See Agner Fog's microarch guide for pipeline details like this. https://www.realworldtech.com/haswell-cpu/ and also a uarch deep-dive on Haswell with block diagrams. (And links to some of David Kanter's articles on other uarches, like SnB and Core2, and AMD Bulldozer and K8.) Also other links in https://stackoverflow.com/tags/x86/info
Yes, modern x86 cores are superscalar out-of-order execution. The fundamentals haven't changed since PPro: decode x86 machine code into micro-ops (uops) that can be scheduled by a ROB + RS.
(Terminology: Intel uses "issue" to mean "copy into the out-of-order back-end", and "dispatch" to mean "send from the scheduler to an execution unit", allocating resources and updating the RAT. In a lot of the rest of the computer-architecture field, people use the opposite terminology.)
Intel since Core 2 is 4 uops wide superscalar in the issue/rename/allocate stage, the narrowest bottleneck. (Before that, PPro to Pentium-M, it was 3-wide.) Core 2 could rarely sustain that in practice, with too many other bottlenecks. Skylake often can come very close in high-throughput code.
To get more work into each fused-domain uop, there's micro-fusion of an ALU uop with a load of its memory-source. And macro-fusion of e.g. cmp/test + jcc so compare-and-branch instructions together decode as one uop. (See Agner Fog's microarch guide). This includes your Kaby or Coffee Lake CPU. The max unfused-domain sustained throughput is 7 uops per clock, achievable in practice on Skylake. In a burst, the scheduler can dispatch uops to every port.
Ice Lake (Sunny Cove uarch) widens the issue stage to 5.
AMD Zen's is 6 uops wide, but only 5 instructions wide, so it can only achieve 6 uops/clock when running at least some 2-uop instructions. e.g. 256-bit AVX SIMD instructions which it decodes to 2x 128-bit halves (or worse for lane-crossing shuffles).
Skylake widened the legacy decoders to 5 uops/clock, and uop cache fetch to 6 uops / clock, up from 4/clock in SnB through Broadwell. This hides front-end bubbles more of the time and keeps the issue/rename stage fed with 4 uops per clock more of the time in high-throughput code. (There are buffers / queues between stages, e.g. the 64 uop IDQ that feeds the issue/rename stage.)
This includes your Kaby or Coffee Lake CPU: microarchitecturally the IA cores in KBL are identical to SKL, and Coffee Lake is a very minor tweak (fixing the loop buffer which SKL had to disable in a microcode update because of a partial-register merging uop erratum, aka CPU bug). KBL and CFL have better GPUs than SKL but the x86 cores are basically the same.
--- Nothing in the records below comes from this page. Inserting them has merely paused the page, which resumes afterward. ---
(* For every choice of reward function $Rew()$ and environment function $Env()$, the problem ESCreate (with $Rew()$ and $Env()$ fixed to these choices) is unsolvable: there is no algorithm (Turing machine), regardless of running time or memory, that produces the correct output for every instance.
   Context: Model. Let $X=\{x_1,\dots,x_{|X|}\}$ be Boolean variables and $O$ a finite output set. Software system requirements are a finite set $R$ of pairs $(i,o)$, where $i$ is a truth assignment to $X$ and $o\in O$. Interfaces and components follow the Dana runtime component model: an interface is a set of function prototypes (function name, return type, parameter types) together with a set of typed transfer fields; a component provides one or more interfaces and requires zero or more interfaces, and contains code (in a Dana-like imperative language with assignments, conditionals, loops, arrays, function calls and an output statement; this language can simulate any Turing machine) implementing every function of its provided interfaces; this code may call functions and use transfer fields of its required interfaces. $L_{int}$ and $L_{comp}$ are finite libraries of interfaces and components. Given a base component $c\in L_{comp}$ implementing a function main, a valid component-based software system $S$ based on $c$ (relative to $L_{int},L_{comp}$) is obtained by choosing, for each required interface of $c$, a component of $L_{comp}$ providing it, and recursively for each required interface of every chosen component; separate copies of a component are used for separate required-interface occurrences, and when a component providing several interfaces implements one of them, only a reduced copy containing that interface's code is used. Its component wiring tree has root $c$, vertices the chosen component copies, and arcs (wirings) labelled by the implemented interfaces; no component label may occur twice on a root-to-leaf path. $S$ is working relative to $R$ if for every $(i,o)\in R$, running $S$ on input $i$ outputs $o$. A reward function $Rew()$ maps a system to a positive integer (smaller is better) and an environment function $Env()$ maps a system to a collection of events and metric values; both are computable in time polynomial in the size of the system and $Rew()$ only chooses among working systems. Problem ESCreate: Input: $R$, $L_{int}$, $L_{comp}$, base component $c\in L_{comp}$, and $Rew()$, $Env()$. Output: a working system $S$ based on $c$ relative to $L_{int},L_{comp},R$ with the smallest value of $Rew(S)$ among all such working systems, if one exists, and the special symbol $\bot$ otherwise. *)

theory Defs
  imports Main
begin
(* Let $\mathcal X=\{X_1,\dots,X_n\}$, $n\in\mathbb N$, be a multi-set of real symmetric $2\times2$ matrices, let $\lambda_1$ be (one of) the largest eigenvalue(s) of all these matrices, attained by $X_1$ with normalised eigenvector $u_1$, and let $v_1\perp u_1$ be a normalised vector. Let $\mathcal V^{\lambda_1}_{\sup}(\mathcal X)$ be the set of unit vectors $v$ such that $Xv=\lambda_1v$ for some $X\in\mathcal X$. Then $$\mathrm{Sup}_{\mathrm{LE}}(\mathcal X)=\begin{cases}\lambda_1I,&\text{if }\lambda_1\text{ is not unique and there is }v\in\mathcal V^{\lambda_1}_{\sup}(\mathcal X)\text{ with }v\neq\pm u_1,\\ \lambda_1u_1u_1^{\mathsf T}+\mu_*v_1v_1^{\mathsf T},&\text{otherwise,}\end{cases}$$ where $\mu_*\le\lambda_1$ is the largest eigenvalue of $\mathcal X$ (other than the occurrence $\lambda_1$ of $X_1$) whose associated eigenvector is not aligned with $u_1$.
   Context: $I$ is the $2\times2$ identity. Every real symmetric $2\times2$ matrix $X_i$ is written in spectral form $X_i=\lambda_i u_iu_i^{\mathsf T}+\mu_i v_iv_i^{\mathsf T}$ with $\lambda_i\ge\mu_i$ and orthonormal $u_i,v_i$. "The eigenvalues of $\mathcal X$" means the multi-set of all $2n$ numbers $\lambda_1,\mu_1,\dots,\lambda_n,\mu_n$, each with its associated eigenvector; an eigenvalue is unique if it occurs exactly once in this multi-set. Two unit vectors are aligned if they are equal up to sign. The log-exp-supremum is $\mathrm{Sup}_{\mathrm{LE}}(\mathcal X):=\lim_{m\to\infty}\frac1m\log\sum_{i=1}^n\exp(mX_i)$ (matrix exponential and logarithm). *)

theory Defs
  imports "HOL-Analysis.Analysis"
begin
Yes, there are diminishing returns beyond 3 or 4-wide for most code, but SMT lets a wide core find the ILP in two (or 4 or 8) threads of execution at once. That makes wider cores not be wasted, but the cost of a core scales more than linearly with width so you only do it if sometimes a single thread can use most of that width. Otherwise you'd just build more smaller cores. (At least if you have a scaleable interconnect for more cores...) My answer on Why not make one big CPU core? on electronics.SE has more details about the tradeoffs and the limited ILP available in real workloads.